It should be appreciated that in embodiments of the present invention, alleged processor 501 can be CPU (Central
Processing Unit, CPU), the processor can also be other general processors, digital signal processor (Digital
Signal Processor, DSP), application specific integrated circuit (Application Specific Integrated Circuit,
ASIC), ready-made programmable gate array (Field-Programmable Gate Array, FPGA) or other FPGAs
Device, discrete gate or transistor logic, discrete hardware components etc..General processor can be microprocessor or this at
It can also be any conventional processor etc. to manage device.
Input equipment 502 can include Trackpad, fingerprint adopt sensor (finger print information that is used to gathering user and fingerprint
Directional information), microphone etc., output equipment 503 can include display (LCD etc.), loudspeaker etc..
The memory 504 can include read-only storage and random access memory, and to processor 501 provide instruction and
Data.The a part of of memory 504 can also include nonvolatile RAM.For example, memory 504 can also be deposited
Store up the information of device type.
In the specific implementation, processor 501, input equipment 502, the output equipment 503 described in the embodiment of the present invention can
Perform the realization side described in the first embodiment and second embodiment of the method for processing data provided in an embodiment of the present invention
Formula, the implementation of the server described by the embodiment of the present invention is also can perform, will not be repeated here.
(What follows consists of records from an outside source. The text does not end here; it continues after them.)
(* A $T_1$-space $X$ has a regular base at non-isolated points if and only if $X$ is a Hausdorff paracompact space with a development at non-isolated points.
   Context: $I(X)$ is the set of isolated points of $X$, $\mathrm{st}(A,\mathcal{W})=\bigcup\{W\in\mathcal{W}:W\cap A\neq\emptyset\}$. A base $\mathcal{B}$ is regular at $x$ if for every neighborhood $U$ of $x$ there is an open $V$ with $x\in V\subset U$ such that $\{B\in\mathcal{B}: B\cap V\neq\emptyset,\ B\not\subset U\}$ is finite; it is a regular base at non-isolated points if it is regular at every $x\in X\setminus I(X)$. A sequence $\{\mathcal{W}_i\}_{i\in\mathbb{N}}$ of open covers of $X$ is a development at non-isolated points if for every $x\in X\setminus I(X)$ and every open neighborhood $U$ of $x$ there are an open neighborhood $V$ of $x$ and $i\in\mathbb{N}$ with $\mathrm{st}(V,\mathcal{W}_i)\subset U$. *)

theory Defs
  imports "HOL-Analysis.Analysis"
begin

definition isolated_points :: "'a topology \<Rightarrow> 'a set" where
  "isolated_points X = {x \<in> topspace X. openin X {x}}"

definition open_cover_of :: "'a topology \<Rightarrow> 'a set set \<Rightarrow> bool" where
  "open_cover_of X \<U> \<longleftrightarrow> (\<forall>U\<in>\<U>. openin X U) \<and> \<Union>\<U> = topspace X"

definition is_base_of :: "'a topology \<Rightarrow> 'a set set \<Rightarrow> bool" where
  "is_base_of X \<B> \<longleftrightarrow> (\<forall>B\<in>\<B>. openin X B) \<and>
     (\<forall>U x. openin X U \<and> x \<in> U \<longrightarrow> (\<exists>B\<in>\<B>. x \<in> B \<and> B \<subseteq> U))"

text \<open>U ranges over open neighbourhoods of x (equivalent to arbitrary neighbourhoods).\<close>
definition regular_at :: "'a topology \<Rightarrow> 'a set set \<Rightarrow> 'a \<Rightarrow> bool" where
  "regular_at X \<B> x \<longleftrightarrow>
     (\<forall>U. openin X U \<and> x \<in> U \<longrightarrow>
        (\<exists>V. openin X V \<and> x \<in> V \<and> V \<subseteq> U \<and>
             finite {B \<in> \<B>. B \<inter> V \<noteq> {} \<and> \<not> B \<subseteq> U}))"

definition regular_base_at_nonisolated :: "'a topology \<Rightarrow> 'a set set \<Rightarrow> bool" where
  "regular_base_at_nonisolated X \<B> \<longleftrightarrow>
     is_base_of X \<B> \<and> (\<forall>x \<in> topspace X - isolated_points X. regular_at X \<B> x)"

definition paracompact_space :: "'a topology \<Rightarrow> bool" where
  "paracompact_space X \<longleftrightarrow>
     (\<forall>\<U>. open_cover_of X \<U> \<longrightarrow>
        (\<exists>\<V>. open_cover_of X \<V> \<and> locally_finite_in X \<V> \<and>
             (\<forall>V\<in>\<V>. \<exists>U\<in>\<U>. V \<subseteq> U)))"

definition star :: "'a set \<Rightarrow> 'a set set \<Rightarrow> 'a set" where
  "star A \<W> = \<Union>{W \<in> \<W>. W \<inter> A \<noteq> {}}"

definition development_at_nonisolated :: "'a topology \<Rightarrow> (nat \<Rightarrow> 'a set set) \<Rightarrow> bool" where
  "development_at_nonisolated X \<W> \<longleftrightarrow>
     (\<forall>i. open_cover_of X (\<W> i)) \<and>
     (\<forall>x \<in> topspace X - isolated_points X. \<forall>U. openin X U \<and> x \<in> U \<longrightarrow>
        (\<exists>V i. openin X V \<and> x \<in> V \<and> star V (\<W> i) \<subseteq> U))"

end

theory Submission
  imports Defs
begin

(*
  Forward direction, for a regular base B:
  - every B-member containing a non-isolated point x has only finitely many
    strict supersets in B (regularity applied to that member);
  - Hausdorff: regularity at x applied to X - {y} leaves finitely many members
    meeting a neighbourhood of x and containing y; deleting one other point from
    each (T1) gives a neighbourhood of y missing them all;
  - paracompact: the maximal members of B lying inside some member of a cover
    cover the non-isolated points and are locally finite there; singletons of
    the remaining (isolated) points complete a locally finite refinement;
  - development: the n-th cover consists of the members with at least n strict
    supersets (plus isolated singletons).
  Converse: refine the finite intersections of the first n+1 covers of the
  development by a locally finite open cover L n; the union of all L n, plus
  isolated singletons, is a regular base at non-isolated points.
*)

lemma openin_diff_finite:
  assumes "t1_space X" "openin X U" "finite Z"
  shows "openin X (U - Z)"
proof -
  have "closedin X (topspace X \<inter> Z)"
    using assms(1,3) t1_space_closedin_finite by blast
  then have "openin X (U - topspace X \<inter> Z)"
    using assms(2) openin_diff by blast
  moreover have "U - topspace X \<inter> Z = U - Z"
    using openin_subset[OF assms(2)] by auto
  ultimately show ?thesis by simp
qed

lemma nonisolated_open_other:
  assumes "openin X B" "x \<in> B" "x \<in> topspace X - isolated_points X"
  shows "\<exists>z\<in>B. z \<noteq> x"
proof -
  have "B \<noteq> {x}"
    using assms unfolding isolated_points_def by auto
  then show ?thesis using assms(2) by blast
qed

lemma openin_isolated_singleton: "x \<in> isolated_points X \<Longrightarrow> openin X {x}"
  unfolding isolated_points_def by simp

lemma subset_star:
  assumes "open_cover_of X \<W>" "V \<subseteq> topspace X"
  shows "V \<subseteq> star V \<W>"
  using assms unfolding open_cover_of_def star_def by blast

section \<open>Consequences of a regular base\<close>

lemma regular_atE:
  assumes "regular_at X \<B> x" "openin X U" "x \<in> U"
  obtains V where "openin X V" "x \<in> V" "V \<subseteq> U"
    "finite {B \<in> \<B>. B \<inter> V \<noteq> {} \<and> \<not> B \<subseteq> U}"
  using assms unfolding regular_at_def by blast

definition strict_supersets :: "'a set set \<Rightarrow> 'a set \<Rightarrow> 'a set set" where
  "strict_supersets \<B> S = {B \<in> \<B>. S \<subset> B}"

text \<open>If \<open>\<B>\<close> is regular at a point \<open>x\<close> of an open set \<open>S\<close>, then only finitely
  many members of \<open>\<B>\<close> strictly contain \<open>S\<close>: they all meet the neighbourhood
  provided by regularity and are not contained in \<open>S\<close>.\<close>
lemma regular_at_finite_strict_supersets:
  assumes "regular_at X \<B> x" "openin X S" "x \<in> S"
  shows "finite (strict_supersets \<B> S)"
proof -
  obtain V where "openin X V" and V: "x \<in> V" "V \<subseteq> S"
    and fin: "finite {B \<in> \<B>. B \<inter> V \<noteq> {} \<and> \<not> B \<subseteq> S}"
    using assms by (rule regular_atE)
  have "strict_supersets \<B> S \<subseteq> {B \<in> \<B>. B \<inter> V \<noteq> {} \<and> \<not> B \<subseteq> S}"
    using V unfolding strict_supersets_def by auto
  then show ?thesis using fin finite_subset by blast
qed

lemma regular_at_separates:
  assumes t1: "t1_space X" and base: "is_base_of X \<B>" and reg: "regular_at X \<B> x"
    and x: "x \<in> topspace X" and y: "y \<in> topspace X - isolated_points X" and "x \<noteq> y"
  shows "\<exists>U V. openin X U \<and> openin X V \<and> x \<in> U \<and> y \<in> V \<and> disjnt U V"
proof -
  have "openin X (topspace X - {y})" "x \<in> topspace X - {y}"
    using openin_diff_finite[OF t1 openin_topspace, of "{y}"] x \<open>x \<noteq> y\<close> by auto
  then obtain V where V: "openin X V" "x \<in> V" "V \<subseteq> topspace X - {y}"
    and fin: "finite {B \<in> \<B>. B \<inter> V \<noteq> {} \<and> \<not> B \<subseteq> topspace X - {y}}"
    by (rule regular_atE[OF reg])
  define F where "F = {B \<in> \<B>. B \<inter> V \<noteq> {} \<and> \<not> B \<subseteq> topspace X - {y}}"
  have "\<exists>z\<in>B. z \<noteq> y" if "B \<in> F" for B
  proof -
    have B_open: "openin X B" using that base unfolding F_def is_base_of_def by blast
    moreover have "y \<in> B" using that openin_subset[OF B_open] unfolding F_def by blast
    ultimately show ?thesis by (rule nonisolated_open_other[OF _ _ y])
  qed
  then obtain g where g: "\<And>B. B \<in> F \<Longrightarrow> g B \<in> B \<and> g B \<noteq> y" by metis
  have "openin X (topspace X - g ` F)"
    using openin_diff_finite[OF t1] fin unfolding F_def by auto
  moreover have "y \<in> topspace X - g ` F" using y g by auto
  ultimately obtain B' where B': "B' \<in> \<B>" "y \<in> B'" "B' \<subseteq> topspace X - g ` F"
    using base unfolding is_base_of_def by blast
  have "B' \<notin> F" using g B' by blast
  then have "B' \<inter> V = {}" using B' unfolding F_def by blast
  then show ?thesis
    using V B' base unfolding is_base_of_def disjnt_def by blast
qed

lemma regular_base_Hausdorff:
  assumes t1: "t1_space X" and R: "regular_base_at_nonisolated X \<B>"
  shows "Hausdorff_space X"
  unfolding Hausdorff_space_def
proof (intro allI impI)
  fix x y assume xy: "x \<in> topspace X \<and> y \<in> topspace X \<and> x \<noteq> y"
  have base: "is_base_of X \<B>"
    using R by (simp add: regular_base_at_nonisolated_def)
  have isolated_sep: "openin X {a} \<and> openin X (topspace X - {a}) \<and> b \<in> topspace X - {a}
                      \<and> disjnt {a} (topspace X - {a})"
    if "a \<in> isolated_points X" "b \<in> topspace X" "a \<noteq> b" for a b
    using that openin_isolated_singleton openin_diff_finite[OF t1 openin_topspace, of "{a}"]
    by (simp add: disjnt_def)
  show "\<exists>U V. openin X U \<and> openin X V \<and> x \<in> U \<and> y \<in> V \<and> disjnt U V"
  proof (cases "x \<in> isolated_points X")
    case True
    then show ?thesis
      using isolated_sep[of x y] xy by (intro exI[of _ "{x}"] exI[of _ "topspace X - {x}"]) simp
  next
    case x_noniso: False
    show ?thesis
    proof (cases "y \<in> isolated_points X")
      case True
      then show ?thesis
        using isolated_sep[of y x] xy
        by (intro exI[of _ "topspace X - {y}"] exI[of _ "{y}"]) (auto simp: disjnt_def)
    next
      case False
      have reg: "regular_at X \<B> x"
        using R xy x_noniso by (simp add: regular_base_at_nonisolated_def)
      have x: "x \<in> topspace X" and y: "y \<in> topspace X - isolated_points X" and "x \<noteq> y"
        using xy False by auto
      show ?thesis by (rule regular_at_separates[OF t1 base reg x y \<open>x \<noteq> y\<close>])
    qed
  qed
qed

subsection \<open>Paracompactness\<close>

definition maximal_members :: "'a set set \<Rightarrow> 'a set set" where
  "maximal_members \<P> = {B \<in> \<P>. \<forall>B' \<in> \<P>. B \<subseteq> B' \<longrightarrow> B' = B}"

lemma maximal_members_at_regular_point:
  assumes base: "is_base_of X \<B>" and reg: "regular_at X \<B> x"
    and P: "\<P> \<subseteq> \<B>" and B0: "B0 \<in> \<P>" "x \<in> B0"
  shows "x \<in> \<Union>(maximal_members \<P>)"
    and "\<exists>W. openin X W \<and> x \<in> W \<and> finite {m \<in> maximal_members \<P>. m \<inter> W \<noteq> {}}"
proof -
  have B0_open: "openin X B0" using base P B0 unfolding is_base_of_def by blast
  define S where "S = {B \<in> \<P>. B0 \<subseteq> B}"
  have "S \<subseteq> insert B0 (strict_supersets \<B> B0)"
    using P unfolding S_def strict_supersets_def by auto
  then have "finite S"
    using regular_at_finite_strict_supersets[OF reg B0_open B0(2)] finite_subset by blast
  moreover have "B0 \<in> S" using B0 unfolding S_def by auto
  ultimately obtain m where m: "m \<in> S" "B0 \<subseteq> m" "\<forall>b\<in>S. m \<subseteq> b \<longrightarrow> m = b"
    using finite_has_maximal2[of S B0] by auto
  then have "m \<in> maximal_members \<P>"
    unfolding maximal_members_def S_def by fastforce
  then show "x \<in> \<Union>(maximal_members \<P>)" using m(2) B0(2) by blast
  obtain V where V: "openin X V" "x \<in> V" "V \<subseteq> B0"
    and fin: "finite {B \<in> \<B>. B \<inter> V \<noteq> {} \<and> \<not> B \<subseteq> B0}"
    by (rule regular_atE[OF reg B0_open B0(2)])
  text \<open>A maximal member inside \<open>B0\<close> must be \<open>B0\<close> itself.\<close>
  have "{m \<in> maximal_members \<P>. m \<inter> V \<noteq> {}} \<subseteq> insert B0 {B \<in> \<B>. B \<inter> V \<noteq> {} \<and> \<not> B \<subseteq> B0}"
    using P B0(1) unfolding maximal_members_def by auto
  then have "finite {m \<in> maximal_members \<P>. m \<inter> V \<noteq> {}}"
    using fin finite_subset by blast
  then show "\<exists>W. openin X W \<and> x \<in> W \<and> finite {m \<in> maximal_members \<P>. m \<inter> W \<noteq> {}}"
    using V by blast
qed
A kind of computer-readable recording medium, the computer-readable storage medium are provided in another embodiment of the invention
Matter is stored with computer program, and the computer program includes programmed instruction, and described program instruction is realized when being executed by processor:
Obtain the first object data for treating duplicate removal;
The unique identity according to corresponding to default identity calculative strategy calculates the first object data;
According to the unique identities stored in unique identity corresponding to the first object data and presetting database
Mark carries out duplicate removal processing to the first object data, obtains valid data;Wherein, stored only in the presetting database
One identity does not repeat mutually;
Unique identity corresponding to the valid data is stored in the presetting database.
Further, also realized when the computer program is executed by processor:
Duplicate removal is carried out to the first object data according to each self-corresponding unique identity of the first object data
Processing, obtains the second target data;
According to the unique identities stored in unique identity corresponding to second target data and presetting database
Mark carries out duplicate removal processing to second target data, obtains the valid data.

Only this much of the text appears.